** Opening Data supplied block **

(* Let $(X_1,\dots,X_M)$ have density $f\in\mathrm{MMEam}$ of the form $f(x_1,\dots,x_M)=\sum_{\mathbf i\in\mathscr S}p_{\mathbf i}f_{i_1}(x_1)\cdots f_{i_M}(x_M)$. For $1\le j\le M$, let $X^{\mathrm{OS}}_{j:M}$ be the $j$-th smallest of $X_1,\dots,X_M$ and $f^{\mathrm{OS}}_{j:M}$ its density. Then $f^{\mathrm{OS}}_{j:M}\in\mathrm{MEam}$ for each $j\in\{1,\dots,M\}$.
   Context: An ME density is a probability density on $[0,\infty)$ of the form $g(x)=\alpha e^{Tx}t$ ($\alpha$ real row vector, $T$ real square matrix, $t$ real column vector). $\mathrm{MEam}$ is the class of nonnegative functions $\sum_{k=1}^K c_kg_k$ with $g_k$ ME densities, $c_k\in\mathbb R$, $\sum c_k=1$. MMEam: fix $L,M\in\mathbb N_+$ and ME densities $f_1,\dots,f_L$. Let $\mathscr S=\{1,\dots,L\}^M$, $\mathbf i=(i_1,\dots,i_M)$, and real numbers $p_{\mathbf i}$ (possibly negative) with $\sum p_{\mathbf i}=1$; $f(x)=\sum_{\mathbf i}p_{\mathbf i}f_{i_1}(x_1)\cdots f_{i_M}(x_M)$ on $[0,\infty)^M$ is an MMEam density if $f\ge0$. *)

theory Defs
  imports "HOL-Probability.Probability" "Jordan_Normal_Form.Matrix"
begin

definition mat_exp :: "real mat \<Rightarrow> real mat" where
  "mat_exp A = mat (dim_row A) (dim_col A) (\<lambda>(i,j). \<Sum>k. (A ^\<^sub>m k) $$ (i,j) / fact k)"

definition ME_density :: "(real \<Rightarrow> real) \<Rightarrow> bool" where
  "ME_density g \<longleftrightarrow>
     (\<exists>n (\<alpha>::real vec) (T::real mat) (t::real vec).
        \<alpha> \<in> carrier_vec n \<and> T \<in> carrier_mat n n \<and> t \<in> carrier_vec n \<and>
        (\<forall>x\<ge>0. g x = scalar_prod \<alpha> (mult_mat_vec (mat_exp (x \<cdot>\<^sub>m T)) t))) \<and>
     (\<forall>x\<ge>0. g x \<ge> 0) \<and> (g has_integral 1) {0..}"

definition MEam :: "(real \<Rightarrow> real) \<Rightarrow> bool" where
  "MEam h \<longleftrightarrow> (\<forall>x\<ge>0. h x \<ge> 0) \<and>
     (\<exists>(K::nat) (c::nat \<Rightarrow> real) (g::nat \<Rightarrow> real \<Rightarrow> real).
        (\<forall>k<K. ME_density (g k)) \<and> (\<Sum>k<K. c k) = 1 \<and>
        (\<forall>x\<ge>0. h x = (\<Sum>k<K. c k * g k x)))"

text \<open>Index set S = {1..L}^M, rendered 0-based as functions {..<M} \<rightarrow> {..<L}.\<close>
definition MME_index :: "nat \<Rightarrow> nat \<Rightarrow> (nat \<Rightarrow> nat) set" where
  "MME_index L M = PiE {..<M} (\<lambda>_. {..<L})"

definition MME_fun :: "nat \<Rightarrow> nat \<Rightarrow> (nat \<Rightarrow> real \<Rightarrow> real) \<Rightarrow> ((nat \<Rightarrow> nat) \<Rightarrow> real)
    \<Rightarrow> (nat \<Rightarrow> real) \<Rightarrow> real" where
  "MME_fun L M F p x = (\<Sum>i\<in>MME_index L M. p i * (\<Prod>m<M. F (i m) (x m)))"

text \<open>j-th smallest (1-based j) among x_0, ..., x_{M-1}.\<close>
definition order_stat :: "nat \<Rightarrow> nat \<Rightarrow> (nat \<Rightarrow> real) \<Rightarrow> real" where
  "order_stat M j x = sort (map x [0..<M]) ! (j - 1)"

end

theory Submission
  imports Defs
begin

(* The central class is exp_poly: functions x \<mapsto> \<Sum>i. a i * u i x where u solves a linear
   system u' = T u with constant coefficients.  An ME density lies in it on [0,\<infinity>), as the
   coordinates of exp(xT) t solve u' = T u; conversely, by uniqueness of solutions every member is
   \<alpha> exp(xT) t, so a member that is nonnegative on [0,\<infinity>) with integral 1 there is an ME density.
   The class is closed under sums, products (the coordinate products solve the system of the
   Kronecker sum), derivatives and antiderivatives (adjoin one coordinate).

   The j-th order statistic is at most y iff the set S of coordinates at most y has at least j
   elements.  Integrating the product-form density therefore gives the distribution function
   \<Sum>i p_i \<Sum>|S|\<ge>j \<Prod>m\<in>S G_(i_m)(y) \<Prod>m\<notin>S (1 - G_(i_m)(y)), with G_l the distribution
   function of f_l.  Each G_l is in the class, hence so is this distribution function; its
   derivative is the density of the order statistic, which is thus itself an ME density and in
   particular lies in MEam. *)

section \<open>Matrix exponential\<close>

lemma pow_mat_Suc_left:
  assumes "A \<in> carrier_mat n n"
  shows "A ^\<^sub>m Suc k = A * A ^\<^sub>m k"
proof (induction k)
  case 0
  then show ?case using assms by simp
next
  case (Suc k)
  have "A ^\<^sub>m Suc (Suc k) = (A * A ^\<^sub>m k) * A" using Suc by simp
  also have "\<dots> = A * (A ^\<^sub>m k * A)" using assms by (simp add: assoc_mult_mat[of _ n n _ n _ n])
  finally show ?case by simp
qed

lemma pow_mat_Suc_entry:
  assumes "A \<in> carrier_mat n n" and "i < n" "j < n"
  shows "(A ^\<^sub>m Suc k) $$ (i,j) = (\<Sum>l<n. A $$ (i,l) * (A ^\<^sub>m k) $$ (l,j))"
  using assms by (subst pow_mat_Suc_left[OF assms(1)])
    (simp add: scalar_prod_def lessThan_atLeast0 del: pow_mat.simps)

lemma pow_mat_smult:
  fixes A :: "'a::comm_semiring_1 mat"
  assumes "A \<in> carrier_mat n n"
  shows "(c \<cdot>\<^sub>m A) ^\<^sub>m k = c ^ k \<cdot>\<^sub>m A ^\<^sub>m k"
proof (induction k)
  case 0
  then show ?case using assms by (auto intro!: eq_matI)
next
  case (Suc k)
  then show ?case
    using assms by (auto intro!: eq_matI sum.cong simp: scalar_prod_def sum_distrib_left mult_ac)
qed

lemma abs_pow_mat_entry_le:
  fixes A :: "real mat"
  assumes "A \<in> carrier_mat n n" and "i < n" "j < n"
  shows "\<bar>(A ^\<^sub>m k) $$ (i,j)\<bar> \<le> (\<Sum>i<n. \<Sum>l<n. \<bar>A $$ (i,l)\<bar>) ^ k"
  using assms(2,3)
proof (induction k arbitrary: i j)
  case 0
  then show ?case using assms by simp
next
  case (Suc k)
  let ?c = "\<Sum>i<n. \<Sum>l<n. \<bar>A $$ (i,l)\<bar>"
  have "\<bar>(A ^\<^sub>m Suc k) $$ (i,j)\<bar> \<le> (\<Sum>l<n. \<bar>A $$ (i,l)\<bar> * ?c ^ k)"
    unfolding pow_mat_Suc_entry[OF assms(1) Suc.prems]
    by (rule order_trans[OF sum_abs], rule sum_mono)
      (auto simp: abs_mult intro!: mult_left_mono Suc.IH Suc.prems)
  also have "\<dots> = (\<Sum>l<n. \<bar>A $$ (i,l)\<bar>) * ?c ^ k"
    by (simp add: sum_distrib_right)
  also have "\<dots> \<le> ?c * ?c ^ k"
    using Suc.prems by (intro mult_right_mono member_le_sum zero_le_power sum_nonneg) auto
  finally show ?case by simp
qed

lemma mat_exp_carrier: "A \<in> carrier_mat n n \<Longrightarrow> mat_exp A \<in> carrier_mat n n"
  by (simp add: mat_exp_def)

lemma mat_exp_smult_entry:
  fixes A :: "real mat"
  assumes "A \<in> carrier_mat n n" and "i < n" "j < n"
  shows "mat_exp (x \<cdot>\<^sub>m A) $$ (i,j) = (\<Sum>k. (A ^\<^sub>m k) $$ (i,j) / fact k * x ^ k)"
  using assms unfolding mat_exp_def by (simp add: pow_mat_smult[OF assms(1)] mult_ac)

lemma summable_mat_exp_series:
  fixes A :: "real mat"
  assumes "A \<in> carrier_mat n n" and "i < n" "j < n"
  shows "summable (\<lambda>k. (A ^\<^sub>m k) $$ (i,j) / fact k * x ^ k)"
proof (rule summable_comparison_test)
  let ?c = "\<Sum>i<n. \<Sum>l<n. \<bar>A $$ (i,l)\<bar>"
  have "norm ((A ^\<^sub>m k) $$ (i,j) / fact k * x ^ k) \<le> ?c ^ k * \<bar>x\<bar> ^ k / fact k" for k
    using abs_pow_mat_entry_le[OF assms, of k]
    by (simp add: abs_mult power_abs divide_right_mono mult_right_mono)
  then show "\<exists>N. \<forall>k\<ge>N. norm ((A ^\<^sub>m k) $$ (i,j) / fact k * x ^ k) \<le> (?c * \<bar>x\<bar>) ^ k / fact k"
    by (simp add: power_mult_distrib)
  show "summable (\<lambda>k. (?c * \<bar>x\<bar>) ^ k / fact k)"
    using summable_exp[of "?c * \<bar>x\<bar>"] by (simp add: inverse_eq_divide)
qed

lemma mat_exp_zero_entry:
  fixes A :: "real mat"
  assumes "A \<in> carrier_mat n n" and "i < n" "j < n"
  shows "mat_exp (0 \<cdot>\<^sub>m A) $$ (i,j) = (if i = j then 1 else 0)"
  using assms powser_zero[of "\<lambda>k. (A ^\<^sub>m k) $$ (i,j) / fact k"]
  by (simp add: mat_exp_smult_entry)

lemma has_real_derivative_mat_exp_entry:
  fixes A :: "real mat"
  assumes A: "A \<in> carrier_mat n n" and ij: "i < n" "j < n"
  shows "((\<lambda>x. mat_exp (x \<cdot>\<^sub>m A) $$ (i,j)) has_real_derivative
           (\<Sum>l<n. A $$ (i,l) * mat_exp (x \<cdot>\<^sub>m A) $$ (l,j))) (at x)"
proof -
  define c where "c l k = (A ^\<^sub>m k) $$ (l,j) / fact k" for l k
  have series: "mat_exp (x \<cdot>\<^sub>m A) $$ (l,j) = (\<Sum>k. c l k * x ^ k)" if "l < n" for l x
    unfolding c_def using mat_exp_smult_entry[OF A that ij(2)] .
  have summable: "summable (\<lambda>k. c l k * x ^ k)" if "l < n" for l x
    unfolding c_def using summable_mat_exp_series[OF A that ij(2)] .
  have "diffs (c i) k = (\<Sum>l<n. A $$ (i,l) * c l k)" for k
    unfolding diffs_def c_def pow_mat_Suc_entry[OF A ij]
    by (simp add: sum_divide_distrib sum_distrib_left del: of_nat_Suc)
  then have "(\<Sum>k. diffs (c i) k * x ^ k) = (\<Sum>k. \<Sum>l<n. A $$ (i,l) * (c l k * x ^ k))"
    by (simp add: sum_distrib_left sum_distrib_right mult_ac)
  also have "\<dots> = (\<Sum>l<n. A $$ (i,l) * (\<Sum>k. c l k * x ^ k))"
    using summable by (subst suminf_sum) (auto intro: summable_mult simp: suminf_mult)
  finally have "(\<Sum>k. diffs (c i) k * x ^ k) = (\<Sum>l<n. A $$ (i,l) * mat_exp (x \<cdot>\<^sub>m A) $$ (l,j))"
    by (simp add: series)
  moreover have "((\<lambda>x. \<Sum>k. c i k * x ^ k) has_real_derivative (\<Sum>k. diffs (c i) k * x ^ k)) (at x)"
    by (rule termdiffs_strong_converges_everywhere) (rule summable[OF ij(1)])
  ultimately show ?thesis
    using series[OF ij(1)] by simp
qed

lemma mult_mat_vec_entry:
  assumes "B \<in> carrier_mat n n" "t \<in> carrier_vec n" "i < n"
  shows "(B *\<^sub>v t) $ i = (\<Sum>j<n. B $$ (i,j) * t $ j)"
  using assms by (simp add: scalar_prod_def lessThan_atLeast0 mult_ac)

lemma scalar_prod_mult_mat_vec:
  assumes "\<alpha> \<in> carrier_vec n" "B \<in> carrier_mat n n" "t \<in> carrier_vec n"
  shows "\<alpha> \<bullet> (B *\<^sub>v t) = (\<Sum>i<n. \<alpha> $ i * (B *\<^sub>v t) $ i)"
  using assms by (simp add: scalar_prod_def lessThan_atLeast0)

** Closing Data supplied block **

**Problem to solve**.
Among the records above, repeat exactly the line with "(simp add: inverse_eq_divide)", the line with "using summable by", and every line in between, and only those.

**Solution below**.
    using summable_exp[of "?c * \<bar>x\<bar>"] by (simp add: inverse_eq_divide)
qed

lemma mat_exp_zero_entry:
  fixes A :: "real mat"
  assumes "A \<in> carrier_mat n n" and "i < n" "j < n"
  shows "mat_exp (0 \<cdot>\<^sub>m A) $$ (i,j) = (if i = j then 1 else 0)"
  using assms powser_zero[of "\<lambda>k. (A ^\<^sub>m k) $$ (i,j) / fact k"]
  by (simp add: mat_exp_smult_entry)

lemma has_real_derivative_mat_exp_entry:
  fixes A :: "real mat"
  assumes A: "A \<in> carrier_mat n n" and ij: "i < n" "j < n"
  shows "((\<lambda>x. mat_exp (x \<cdot>\<^sub>m A) $$ (i,j)) has_real_derivative
           (\<Sum>l<n. A $$ (i,l) * mat_exp (x \<cdot>\<^sub>m A) $$ (l,j))) (at x)"
proof -
  define c where "c l k = (A ^\<^sub>m k) $$ (l,j) / fact k" for l k
  have series: "mat_exp (x \<cdot>\<^sub>m A) $$ (l,j) = (\<Sum>k. c l k * x ^ k)" if "l < n" for l x
    unfolding c_def using mat_exp_smult_entry[OF A that ij(2)] .
  have summable: "summable (\<lambda>k. c l k * x ^ k)" if "l < n" for l x
    unfolding c_def using summable_mat_exp_series[OF A that ij(2)] .
  have "diffs (c i) k = (\<Sum>l<n. A $$ (i,l) * c l k)" for k
    unfolding diffs_def c_def pow_mat_Suc_entry[OF A ij]
    by (simp add: sum_divide_distrib sum_distrib_left del: of_nat_Suc)
  then have "(\<Sum>k. diffs (c i) k * x ^ k) = (\<Sum>k. \<Sum>l<n. A $$ (i,l) * (c l k * x ^ k))"
    by (simp add: sum_distrib_left sum_distrib_right mult_ac)
  also have "\<dots> = (\<Sum>l<n. A $$ (i,l) * (\<Sum>k. c l k * x ^ k))"
    using summable by (subst suminf_sum) (auto intro: summable_mult simp: suminf_mult)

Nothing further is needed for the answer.